— DATA UNDER STUDY —
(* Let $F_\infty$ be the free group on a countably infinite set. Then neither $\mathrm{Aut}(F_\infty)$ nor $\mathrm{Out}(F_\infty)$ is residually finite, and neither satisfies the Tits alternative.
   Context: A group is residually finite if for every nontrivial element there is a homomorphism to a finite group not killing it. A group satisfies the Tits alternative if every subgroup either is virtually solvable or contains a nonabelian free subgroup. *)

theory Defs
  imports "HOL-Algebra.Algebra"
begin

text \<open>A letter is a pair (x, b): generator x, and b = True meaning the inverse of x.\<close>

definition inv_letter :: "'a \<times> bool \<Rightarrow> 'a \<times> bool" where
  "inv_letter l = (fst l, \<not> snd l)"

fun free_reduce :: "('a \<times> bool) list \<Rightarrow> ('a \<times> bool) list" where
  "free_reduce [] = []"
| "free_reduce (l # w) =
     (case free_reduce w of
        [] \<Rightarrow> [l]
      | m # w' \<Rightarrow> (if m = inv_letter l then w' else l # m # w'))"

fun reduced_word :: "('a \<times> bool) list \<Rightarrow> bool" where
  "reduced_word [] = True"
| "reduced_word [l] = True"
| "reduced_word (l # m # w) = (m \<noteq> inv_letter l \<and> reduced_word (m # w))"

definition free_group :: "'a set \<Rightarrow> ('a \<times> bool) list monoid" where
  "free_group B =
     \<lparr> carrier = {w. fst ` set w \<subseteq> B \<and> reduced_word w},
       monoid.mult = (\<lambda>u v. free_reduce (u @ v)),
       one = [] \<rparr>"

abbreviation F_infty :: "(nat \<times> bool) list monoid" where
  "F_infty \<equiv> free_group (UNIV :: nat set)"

---

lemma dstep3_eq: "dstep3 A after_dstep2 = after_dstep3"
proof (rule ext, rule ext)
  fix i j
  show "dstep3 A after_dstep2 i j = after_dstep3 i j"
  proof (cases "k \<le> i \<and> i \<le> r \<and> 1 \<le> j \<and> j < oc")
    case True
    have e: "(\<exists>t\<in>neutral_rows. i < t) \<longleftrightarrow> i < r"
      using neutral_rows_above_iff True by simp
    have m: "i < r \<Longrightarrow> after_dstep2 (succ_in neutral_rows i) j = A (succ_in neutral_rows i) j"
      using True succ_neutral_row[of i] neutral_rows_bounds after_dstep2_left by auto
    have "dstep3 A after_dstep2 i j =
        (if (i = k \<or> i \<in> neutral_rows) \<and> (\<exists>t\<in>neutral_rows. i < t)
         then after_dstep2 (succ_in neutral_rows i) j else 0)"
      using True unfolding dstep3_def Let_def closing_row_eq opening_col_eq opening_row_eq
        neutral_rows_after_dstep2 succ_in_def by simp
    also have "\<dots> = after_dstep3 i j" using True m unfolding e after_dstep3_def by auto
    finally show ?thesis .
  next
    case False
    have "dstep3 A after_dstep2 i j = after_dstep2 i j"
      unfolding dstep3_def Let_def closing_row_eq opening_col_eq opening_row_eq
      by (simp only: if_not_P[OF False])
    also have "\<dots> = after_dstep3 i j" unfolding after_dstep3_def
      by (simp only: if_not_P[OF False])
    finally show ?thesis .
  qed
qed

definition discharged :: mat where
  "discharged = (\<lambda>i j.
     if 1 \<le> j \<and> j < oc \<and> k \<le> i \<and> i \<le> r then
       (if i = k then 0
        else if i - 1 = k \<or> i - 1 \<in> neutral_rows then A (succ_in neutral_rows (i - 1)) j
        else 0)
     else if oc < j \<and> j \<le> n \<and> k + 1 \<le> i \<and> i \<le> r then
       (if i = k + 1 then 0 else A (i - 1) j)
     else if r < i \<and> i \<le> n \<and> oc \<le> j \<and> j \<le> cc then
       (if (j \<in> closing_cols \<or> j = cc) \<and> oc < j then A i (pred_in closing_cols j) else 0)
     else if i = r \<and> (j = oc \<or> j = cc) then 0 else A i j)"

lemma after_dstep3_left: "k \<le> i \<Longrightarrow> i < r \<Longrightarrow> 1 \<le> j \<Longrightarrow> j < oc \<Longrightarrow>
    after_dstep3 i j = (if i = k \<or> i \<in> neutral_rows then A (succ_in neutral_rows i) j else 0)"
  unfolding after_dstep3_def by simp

— EXERCISE PROMPT —
Restate word for word the lines of the data above, starting at the line containing "if 1 \<le> j" and ending at the line containing "unfolding after_dstep3_def by simp", both included, and nothing more.

— OUTPUT FOR THIS TASK —
     if 1 \<le> j \<and> j < oc \<and> k \<le> i \<and> i \<le> r then
       (if i = k then 0
        else if i - 1 = k \<or> i - 1 \<in> neutral_rows then A (succ_in neutral_rows (i - 1)) j
        else 0)
     else if oc < j \<and> j \<le> n \<and> k + 1 \<le> i \<and> i \<le> r then
       (if i = k + 1 then 0 else A (i - 1) j)
     else if r < i \<and> i \<le> n \<and> oc \<le> j \<and> j \<le> cc then
       (if (j \<in> closing_cols \<or> j = cc) \<and> oc < j then A i (pred_in closing_cols j) else 0)
     else if i = r \<and> (j = oc \<or> j = cc) then 0 else A i j)"

lemma after_dstep3_left: "k \<le> i \<Longrightarrow> i < r \<Longrightarrow> 1 \<le> j \<Longrightarrow> j < oc \<Longrightarrow>
    after_dstep3 i j = (if i = k \<or> i \<in> neutral_rows then A (succ_in neutral_rows i) j else 0)"
  unfolding after_dstep3_def by simp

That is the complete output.